=== Exercise materials ===
BEGIN

(* Let $\mathcal G=(G,f,h)$ be a network dynamical system of size $N$ satisfying Assumptions 1 and 2, and for each $q\in[N]$ let $x^q(1)$ be the time-1 state from a $q$-pinching initial condition, $\phi_q\in\mathbb R^{P\times N}$, and $y^q(1)=\phi_q x^q(1)$. If for a given $q$ the problem $\min\|\tilde x\|_0$ subject to $\phi_q\tilde x=y^q(1)$ has $x^q(1)$ as its unique solution, then $L_1(q)$ is determined by $(\phi_q,y^q(1))$, namely $L_1(q)=\operatorname{supp}(x^q_* )\setminus\{q\}$ where $x^q_*$ is that unique solution. If this holds for every $q\in[N]$, then the adjacency matrix $A$ is uniquely determined by $\{(\phi_q,y^q(1))\}_{q=1}^N$ via $A_{ij}=1$ iff $i\neq j$ and $i\in\operatorname{supp}(x^j_* )$.
   Context: Let $G$ be a directed graph on vertex set $[N]=\{1,\dots,N\}$ without self-loops, with adjacency matrix $A\in\{0,1\}^{N\times N}$, where $A_{ij}=1$ if and only if $i$ receives an edge (input) from $j$; in particular $A_{ii}=0$. The first-level set of $q$ is $L_1(q)=\{i\in[N]: A_{iq}=1\}$. The network dynamical system $\mathcal G=(G,f,h)$ is the discrete-time system $x_i(t+1)=f_i(x_i(t))+\sum_{j=1}^N A_{ij}h_{ij}(x_i(t),x_j(t))$ for $i\in[N]$, $t=0,1,2,\dots$, where $f_i:\mathbb R\to\mathbb R$ and $h_{ij}:\mathbb R\times\mathbb R\to\mathbb R$. Assumption 1: $f_i(0)=0$ for all $i\in[N]$. Assumption 2: there is $\delta>0$ such that for all $i,j\in[N]$, $h_{ij}(0,0)=0$ and $h_{ij}(0,v)\neq 0$ for every $v$ with $0<|v|<\delta$. For $q\in[N]$, a $q$-pinching initial condition is $x^q(0)$ with $x^q_i(0)=\epsilon_q\delta_{iq}$ (Kronecker delta), where $0<|\epsilon_q|<\delta$; $x^q(t)$ denotes the resulting trajectory. For $x\in\mathbb R^N$, $\operatorname{supp}(x)=\{i: x_i\neq0\}$ and $\|x\|_0=\#\operatorname{supp}(x)$. *)

theory Defs
  imports "HOL-Analysis.Analysis"
begin

text \<open>Vertices are the elements of a finite type 'n (so N = CARD('n)).
  The adjacency relation A i j means A_ij = 1, i.e. i receives an input from j.
  States are vectors in real^'n.\<close>

definition nds_step ::
  "('n::finite \<Rightarrow> real \<Rightarrow> real) \<Rightarrow> ('n \<Rightarrow> 'n \<Rightarrow> real \<Rightarrow> real \<Rightarrow> real)
    \<Rightarrow> ('n \<Rightarrow> 'n \<Rightarrow> bool) \<Rightarrow> real^'n \<Rightarrow> real^'n" where
  "nds_step f h A x =
     (\<chi> i. f i (x $ i) + (\<Sum>j\<in>UNIV. (if A i j then 1 else 0) * h i j (x $ i) (x $ j)))"

primrec nds_traj ::
  "('n::finite \<Rightarrow> real \<Rightarrow> real) \<Rightarrow> ('n \<Rightarrow> 'n \<Rightarrow> real \<Rightarrow> real \<Rightarrow> real)
    \<Rightarrow> ('n \<Rightarrow> 'n \<Rightarrow> bool) \<Rightarrow> real^'n \<Rightarrow> nat \<Rightarrow> real^'n" where
  "nds_traj f h A x0 0 = x0"
| "nds_traj f h A x0 (Suc t) = nds_step f h A (nds_traj f h A x0 t)"

definition first_level :: "('n \<Rightarrow> 'n \<Rightarrow> bool) \<Rightarrow> 'n \<Rightarrow> 'n set" where
  "first_level A q = {i. A i q}"

definition pinching :: "'n::finite \<Rightarrow> real \<Rightarrow> real^'n" where
  "pinching q \<epsilon> = (\<chi> i. if i = q then \<epsilon> else 0)"

definition vsupp :: "real^'n::finite \<Rightarrow> 'n set" where
  "vsupp x = {i. x $ i \<noteq> 0}"

definition l0norm :: "real^'n::finite \<Rightarrow> nat" where
  "l0norm x = card (vsupp x)"

definition l0_solutions :: "real^'n::finite^'p::finite \<Rightarrow> real^'p \<Rightarrow> (real^'n) set" where
  "l0_solutions Phi y =
     {x. Phi *v x = y \<and> (\<forall>x'. Phi *v x' = y \<longrightarrow> l0norm x \<le> l0norm x')}"

end

theory Submission
  imports Defs
begin

text \<open>Starting from a pinching at q, only the coupling terms h i q 0 e can be nonzero at
  time 1 off the vertex q, and Assumption 2 makes h i q 0 e nonzero exactly when the edge
  q to i is present. Hence the support of x^q(1) away from q is the first-level set of q,
  and a unique l0-minimiser recovers x^q(1) and with it the q-th column of A.\<close>

lemma nds_step_pinching_nth:
  assumes "\<And>i. f i 0 = 0" and "\<And>i j. h i j 0 0 = 0" and "i \<noteq> q"
  shows "nds_step f h A (pinching q e) $ i = (if A i q then h i q 0 e else 0)"
proof -
  have "nds_step f h A (pinching q e) $ i
      = (\<Sum>j\<in>UNIV. (if A i j then 1 else 0) * h i j 0 (if j = q then e else 0))"
    using assms by (simp add: nds_step_def pinching_def)
  also have "\<dots> = (if A i q then 1 else 0) * h i q 0 e"
    by (subst sum.remove[of _ q]) (auto simp: assms(2) intro!: sum.neutral)
  finally show ?thesis by simp
qed

lemma vsupp_first_step_pinching:
  assumes "\<And>i. f i 0 = 0" and "\<And>i j. h i j 0 0 = 0"
    and "\<And>i j v. 0 < \<bar>v\<bar> \<Longrightarrow> \<bar>v\<bar> < \<delta> \<Longrightarrow> h i j 0 v \<noteq> 0"
    and "0 < \<bar>e\<bar>" "\<bar>e\<bar> < \<delta>"
  shows "vsupp (nds_traj f h A (pinching q e) 1) - {q} = first_level A q - {q}"
proof -
  have "nds_traj f h A (pinching q e) 1 $ i \<noteq> 0 \<longleftrightarrow> A i q" if "i \<noteq> q" for i
    using nds_step_pinching_nth[where f = f and h = h, OF assms(1,2) that] assms(3-5)
    by simp
  then show ?thesis
    by (auto simp: vsupp_def first_level_def)
qed

lemma first_level_eq_vsupp_l0_solution:
  assumes "\<And>i. \<not> A i i" and "\<And>i. f i 0 = 0" and "\<And>i j. h i j 0 0 = 0"
    and "\<And>i j v. 0 < \<bar>v\<bar> \<Longrightarrow> \<bar>v\<bar> < \<delta> \<Longrightarrow> h i j 0 v \<noteq> 0"
    and "0 < \<bar>e\<bar>" "\<bar>e\<bar> < \<delta>"
    and "l0_solutions Phi (Phi *v nds_traj f h A (pinching q e) 1)
           = {nds_traj f h A (pinching q e) 1}"
  shows "first_level A q = vsupp (THE x. x \<in> l0_solutions Phi (Phi *v nds_traj f h A (pinching q e) 1)) - {q}"
proof -
  have "first_level A q = first_level A q - {q}"
    using assms(1) by (auto simp: first_level_def)
  also have "\<dots> = vsupp (nds_traj f h A (pinching q e) 1) - {q}"
    using vsupp_first_step_pinching[where f = f and h = h, OF assms(2-6)] by simp
  finally show ?thesis
    using assms(7) by simp
qed

theorem mainTheorem8:
  fixes A :: "'n::finite \<Rightarrow> 'n \<Rightarrow> bool"
    and f :: "'n \<Rightarrow> real \<Rightarrow> real"
    and h :: "'n \<Rightarrow> 'n \<Rightarrow> real \<Rightarrow> real \<Rightarrow> real"
    and \<delta> :: real
    and \<epsilon> :: "'n \<Rightarrow> real"
    and \<phi> :: "'n \<Rightarrow> real^'n^'p::finite"
  assumes no_loops: "\<And>i. \<not> A i i"
    and assm1: "\<And>i. f i 0 = 0"
    and delta_pos: "\<delta> > 0"
    and assm2a: "\<And>i j. h i j 0 0 = 0"
    and assm2b: "\<And>i j v. 0 < \<bar>v\<bar> \<Longrightarrow> \<bar>v\<bar> < \<delta> \<Longrightarrow> h i j 0 v \<noteq> 0"
    and eps: "\<And>q. 0 < \<bar>\<epsilon> q\<bar> \<and> \<bar>\<epsilon> q\<bar> < \<delta>"
  shows "(\<forall>q. l0_solutions (\<phi> q) (\<phi> q *v nds_traj f h A (pinching q (\<epsilon> q)) 1)
                 = {nds_traj f h A (pinching q (\<epsilon> q)) 1}
            \<longrightarrow> first_level A q
                 = vsupp (THE x. x \<in> l0_solutions (\<phi> q) (\<phi> q *v nds_traj f h A (pinching q (\<epsilon> q)) 1)) - {q})
       \<and> ((\<forall>q. l0_solutions (\<phi> q) (\<phi> q *v nds_traj f h A (pinching q (\<epsilon> q)) 1)
                 = {nds_traj f h A (pinching q (\<epsilon> q)) 1})
          \<longrightarrow> (\<forall>i j. A i j \<longleftrightarrow>
                 i \<noteq> j \<and> i \<in> vsupp (THE x. x \<in> l0_solutions (\<phi> j) (\<phi> j *v nds_traj f h A (pinching j (\<epsilon> j)) 1))))"
proof -
  have column: "first_level A q
      = vsupp (THE x. x \<in> l0_solutions (\<phi> q) (\<phi> q *v nds_traj f h A (pinching q (\<epsilon> q)) 1)) - {q}"
    if "l0_solutions (\<phi> q) (\<phi> q *v nds_traj f h A (pinching q (\<epsilon> q)) 1)
          = {nds_traj f h A (pinching q (\<epsilon> q)) 1}" for q
    using first_level_eq_vsupp_l0_solution[where f = f and h = h, OF no_loops assm1 assm2a assm2b _ _ that] eps
    by blast
  show ?thesis
    using column by (auto simp: first_level_def set_eq_iff)
qed

end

END

=== Task requirements ===
Each line above that contains "open" must be copied out.

=== Solution ===
text \<open>Vertices are the elements of a finite type 'n (so N = CARD('n)).
text \<open>Starting from a pinching at q, only the coupling terms h i q 0 e can be nonzero at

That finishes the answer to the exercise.